Your goal: Scan the records below for the word "powers". Copy each line where it appears.

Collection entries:
lemma taylor_kernel_index:
  assumes K: "K \<in> carrier_mat n d" and "\<beta> \<ge> 0" and "i < n" "l < n"
  shows "taylor_kernel \<beta> s K $$ (i, l) = (\<Sum>p\<le>s. (\<beta> * (row K i \<bullet> row K l))^p / fact p)"
proof -
  have "taylor_kernel \<beta> s K $$ (i, l)
      = (\<Sum>\<alpha>\<in>multi_indices d s. \<Prod>j<d. (\<beta> * (row K i $ j * row K l $ j)) ^ \<alpha> j / fact (\<alpha> j))"
    using assms unfolding taylor_kernel_def by (simp add: phi_mult_phi)
  also have "\<dots> = (\<Sum>p\<le>s. (\<Sum>j<d. \<beta> * (row K i $ j * row K l $ j))^p / fact p)"
    by (rule truncated_exp_multinomial)
  also have "(\<Sum>j<d. \<beta> * (row K i $ j * row K l $ j)) = \<beta> * (row K i \<bullet> row K l)"
    using K unfolding scalar_prod_def by (simp add: sum_distrib_left atLeast0LessThan)
  finally show ?thesis .
qed

lemma exp_kernel_minus_taylor_kernel_index:
  assumes "K \<in> carrier_mat n d" and "\<beta> \<ge> 0" and "i < n" "l < n"
  shows "(exp_kernel \<beta> K - taylor_kernel \<beta> s K) $$ (i, l)
    = exp (\<beta> * (row K i \<bullet> row K l)) - (\<Sum>p\<le>s. (\<beta> * (row K i \<bullet> row K l))^p / fact p)"
  using assms taylor_kernel_index[OF assms]
  by (simp add: exp_kernel_def taylor_kernel_def)

lemma exp_kernel_minus_taylor_kernel_symmetric:
  assumes K: "K \<in> carrier_mat n d" and \<beta>: "\<beta> \<ge> 0" and il: "i < n" "l < n"
  shows "(exp_kernel \<beta> K - taylor_kernel \<beta> s K) $$ (i, l) = (exp_kernel \<beta> K - taylor_kernel \<beta> s K) $$ (l, i)"
proof -
  have "row K i \<bullet> row K l = row K l \<bullet> row K i"
    using K il by (intro comm_scalar_prod[of _ d]) auto
  then show ?thesis
    by (simp add: exp_kernel_minus_taylor_kernel_index[OF K \<beta> il]
                  exp_kernel_minus_taylor_kernel_index[OF K \<beta> il(2) il(1)])
qed

section \<open>Positivity of the remainder kernel\<close>

text \<open>Schur's product theorem for the Hadamard powers of a Gram matrix: peeling off one factor
  of the power splits the form into a sum of forms of the same shape.\<close>

lemma gram_power_quadratic_form_nonneg:
  fixes u :: "'i \<Rightarrow> real" and a :: "'i \<Rightarrow> 'j \<Rightarrow> real"
  shows "0 \<le> (\<Sum>i\<in>I. \<Sum>l\<in>I. u i * u l * (\<Sum>j\<in>J. a i j * a l j)^q)"
proof (induction q arbitrary: u)
  case 0
  have "(\<Sum>i\<in>I. \<Sum>l\<in>I. u i * u l * (\<Sum>j\<in>J. a i j * a l j)^0) = (\<Sum>i\<in>I. u i)^2"
    by (simp add: power2_eq_square sum_product)
  then show ?case by simp
next
  case (Suc q)
  define G where "G i l = (\<Sum>j\<in>J. a i j * a l j)" for i l
  have split: "u i * u l * G i l ^ Suc q = (\<Sum>j\<in>J. (u i * a i j) * (u l * a l j) * G i l ^ q)"
    for i l
  proof -
    have "u i * u l * G i l ^ Suc q = (\<Sum>j\<in>J. a i j * a l j) * (u i * u l * G i l ^ q)"
      unfolding power_Suc by (simp only: G_def[symmetric] mult_ac)
    also have "\<dots> = (\<Sum>j\<in>J. (u i * a i j) * (u l * a l j) * G i l ^ q)"
      unfolding sum_distrib_right by (intro sum.cong refl) (simp only: mult_ac)
    finally show ?thesis .
  qed
  have "(\<Sum>i\<in>I. \<Sum>l\<in>I. u i * u l * G i l ^ Suc q)
      = (\<Sum>i\<in>I. \<Sum>l\<in>I. \<Sum>j\<in>J. (u i * a i j) * (u l * a l j) * G i l ^ q)"
    by (simp only: split)
  also have "\<dots> = (\<Sum>i\<in>I. \<Sum>j\<in>J. \<Sum>l\<in>I. (u i * a i j) * (u l * a l j) * G i l ^ q)"
    by (rule sum.cong[OF refl], rule sum.swap)
  also have "\<dots> = (\<Sum>j\<in>J. \<Sum>i\<in>I. \<Sum>l\<in>I. (u i * a i j) * (u l * a l j) * G i l ^ q)"
    by (rule sum.swap)
  also have "\<dots> \<ge> 0"
    unfolding G_def by (intro sum_nonneg Suc.IH)
  finally show ?case unfolding G_def .
qed

lemma exp_remainder_sums:
  fixes x :: real
  shows "(\<lambda>m. x^(m + Suc s) / fact (m + Suc s)) sums (exp x - (\<Sum>p\<le>s. x^p / fact p))"
proof -
  have "(\<lambda>p. x^p / fact p) sums exp x"
    using exp_converges[of x] by (simp add: divide_inverse mult.commute)
  from sums_split_initial_segment[OF this, of "Suc s"] show ?thesis
    by (simp add: lessThan_Suc_atMost)
qed

lemma scalar_prod_mult_mat_vec_self:
  fixes A :: "'a :: comm_semiring_0 mat"
  assumes "A \<in> carrier_mat n n" "x \<in> carrier_vec n"
  shows "x \<bullet> (A *\<^sub>v x) = (\<Sum>i<n. \<Sum>l<n. x $ i * x $ l * A $$ (i, l))"
  using assms unfolding scalar_prod_def
  by (simp add: mult_mat_vec_def scalar_prod_def sum_distrib_left atLeast0LessThan algebra_simps)

text \<open>Entrywise, H - T^s is the series over p > s of the Hadamard powers of the Gram matrix
  of the rows of K, weighted by beta^p / p!.\<close>

lemma exp_kernel_minus_taylor_kernel_psd:
  assumes K: "K \<in> carrier_mat n d" and \<beta>: "\<beta> \<ge> 0" and x: "x \<in> carrier_vec n"
  shows "0 \<le> x \<bullet> ((exp_kernel \<beta> K - taylor_kernel \<beta> s K) *\<^sub>v x)"
proof -
  let ?A = "exp_kernel \<beta> K - taylor_kernel \<beta> s K"
  let ?g = "\<lambda>i l. row K i \<bullet> row K l"
  define c where "c m = \<beta>^(m + Suc s) / fact (m + Suc s)" for m
  have A: "?A \<in> carrier_mat n n" using K unfolding exp_kernel_def taylor_kernel_def by auto
  have g: "?g i l = (\<Sum>j<d. K $$ (i, j) * K $$ (l, j))" if "i < n" "l < n" for i l
    using K that unfolding scalar_prod_def by (simp add: atLeast0LessThan)
  have series: "(\<lambda>m. \<Sum>i<n. \<Sum>l<n. x $ i * x $ l * ((\<beta> * ?g i l)^(m + Suc s) / fact (m + Suc s)))
      sums (\<Sum>i<n. \<Sum>l<n. x $ i * x $ l * ?A $$ (i, l))"
    using exp_remainder_sums
    by (intro sums_sum sums_mult) (simp add: exp_kernel_minus_taylor_kernel_index[OF K \<beta>])
  have "(\<Sum>i<n. \<Sum>l<n. x $ i * x $ l * ((\<beta> * ?g i l)^(m + Suc s) / fact (m + Suc s)))
      = c m * (\<Sum>i<n. \<Sum>l<n. x $ i * x $ l * (\<Sum>j<d. K $$ (i, j) * K $$ (l, j))^(m + Suc s))" for m
    unfolding c_def sum_distrib_left
    by (intro sum.cong refl) (simp add: g power_mult_distrib)
  moreover have "0 \<le> c m * (\<Sum>i<n. \<Sum>l<n. x $ i * x $ l * (\<Sum>j<d. K $$ (i, j) * K $$ (l, j))^(m + Suc s))"
    for m
    unfolding c_def using \<beta> by (intro mult_nonneg_nonneg gram_power_quadratic_form_nonneg) auto
  ultimately have "0 \<le> (\<Sum>i<n. \<Sum>l<n. x $ i * x $ l * ((\<beta> * ?g i l)^(m + Suc s) / fact (m + Suc s)))"
    for m by simp
  then have "0 \<le> (\<Sum>i<n. \<Sum>l<n. x $ i * x $ l * ?A $$ (i, l))"
    by (rule sums_le[OF _ sums_zero series])
  then show ?thesis using scalar_prod_mult_mat_vec_self[OF A x] by simp
qed

section \<open>The nuclear norm of a positive semidefinite matrix\<close>

definition mat_trace :: "'a :: comm_monoid_add mat \<Rightarrow> 'a" where
  "mat_trace A = (\<Sum>i<dim_row A. A $$ (i, i))"

lemma mat_trace_mult_comm:
  fixes X Y :: "'a :: comm_semiring_0 mat"
  assumes "X \<in> carrier_mat n n" "Y \<in> carrier_mat n n"
  shows "mat_trace (X * Y) = mat_trace (Y * X)"
proof -
  have "mat_trace (X * Y) = (\<Sum>i<n. \<Sum>k<n. X $$ (i, k) * Y $$ (k, i))"
    using assms unfolding mat_trace_def by (simp add: scalar_prod_def atLeast0LessThan)
  also have "\<dots> = (\<Sum>k<n. \<Sum>i<n. Y $$ (k, i) * X $$ (i, k))"
    by (subst sum.swap) (simp add: mult.commute)
  also have "\<dots> = mat_trace (Y * X)"
    using assms unfolding mat_trace_def by (simp add: scalar_prod_def atLeast0LessThan)
  finally show ?thesis .
qed

lemma mat_trace_similar:
  fixes A B :: "'a :: comm_semiring_1 mat"
  assumes A: "A \<in> carrier_mat n n" and sim: "similar_mat_wit A B P Q"
  shows "mat_trace A = mat_trace B"
proof -
  from similar_mat_witD2[OF A sim] have QP: "Q * P = 1\<^sub>m n" and AB: "A = P * B * Q"
    and B: "B \<in> carrier_mat n n" and P: "P \<in> carrier_mat n n" and Q: "Q \<in> carrier_mat n n"
    by auto
  have "mat_trace A = mat_trace (P * (B * Q))" unfolding AB using P B Q by (simp add: assoc_mult_mat)
  also have "\<dots> = mat_trace (B * Q * P)"
    using P B Q by (simp add: mat_trace_mult_comm[of P n "B * Q"])
  also have "\<dots> = mat_trace B" using P B Q QP by (simp add: assoc_mult_mat[of B n n Q n P n])
  finally show ?thesis .
qed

Task solution:
text \<open>Schur's product theorem for the Hadamard powers of a Gram matrix: peeling off one factor
text \<open>Entrywise, H - T^s is the series over p > s of the Hadamard powers of the Gram matrix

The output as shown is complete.